В 1970 г. в Бари вышла любопытная книжка, в которой объединены работы трех молодых филологов. Молодые исследователи обвиняют своих предшественников в том, что те неверно расценивали процессы, происходившие в итальянской культуре в первом десятилетии XX в. Особенно резко звучит статья «Культура и нация.
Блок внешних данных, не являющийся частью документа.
(* Let $n\ge2$, $0<\alpha_1\le\dots\le\alpha_m$ with $\sum\alpha_j=1$, $(A,\tau)=(\mathbb{C}p_1\oplus\cdots\oplus\mathbb{C}p_m,\tau_1)*(\mathbb{M}_n,tr_n)$ the reduced free product with $\tau_1(p_j)=\alpha_j$, $\{e_{ij}\}$ matrix units of $\mathbb{M}_n$, $u=\sum_{i=1}^{n-1}e_{i,i+1}+e_{n,1}$, $B=C^*(\{u^kp_ju^{-k}:0\le k\le n-1,1\le j\le m\}\cup\{e_{11},\dots,e_{nn}\})$, and for $l\mid n$, $1<l<n$, $E=C^*(\{u^kp_ju^{-k}:0\le k\le l-1,1\le j\le m\}\cup\{e_{11},\dots,e_{nn},u^l,\dots,u^{n-l}\})$. Let $\mathfrak{H}_A$ be the GNS Hilbert space of $\tau$ and $\mathfrak{H}_B,\mathfrak{H}_E\subset\mathfrak{H}_A$ the closures of $B\hat1$, $E\hat1$. Then (1) $u^{k_1}\mathfrak{H}_B\perp u^{k_2}\mathfrak{H}_B$ for $k_1\ne k_2$, $0\le k_1,k_2\le n-1$; (2) $u^{k_1}\mathfrak{H}_E\perp u^{k_2}\mathfrak{H}_E$ for $k_1\ne k_2$, $0\le k_1,k_2\le l-1$.
   Context: Reduced free product: the unique unital $C^*$-algebra with state generated by unital copies of the factors, restricting to the given traces, in which they are free, with faithful GNS representation; $\tau$ is a faithful trace, and $\hat a\in\mathfrak{H}_A$ denotes the GNS vector of $a\in A$. *)

theory Defs
  imports Complex_Main
begin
Анализ одного мифа». Так, автор пишет: «Совершенно невозможно изображать итальянскую культуру как разделенную на два несообщающихся сосуда: с одной стороны, подлинно демократическая культура, а с другой стороны, националистическая реакционная культура, которая трактуется как некое «извращение», изолированное и не сумевшее заразить «национальную душу», по существу оставшуюся здоровой» {68} .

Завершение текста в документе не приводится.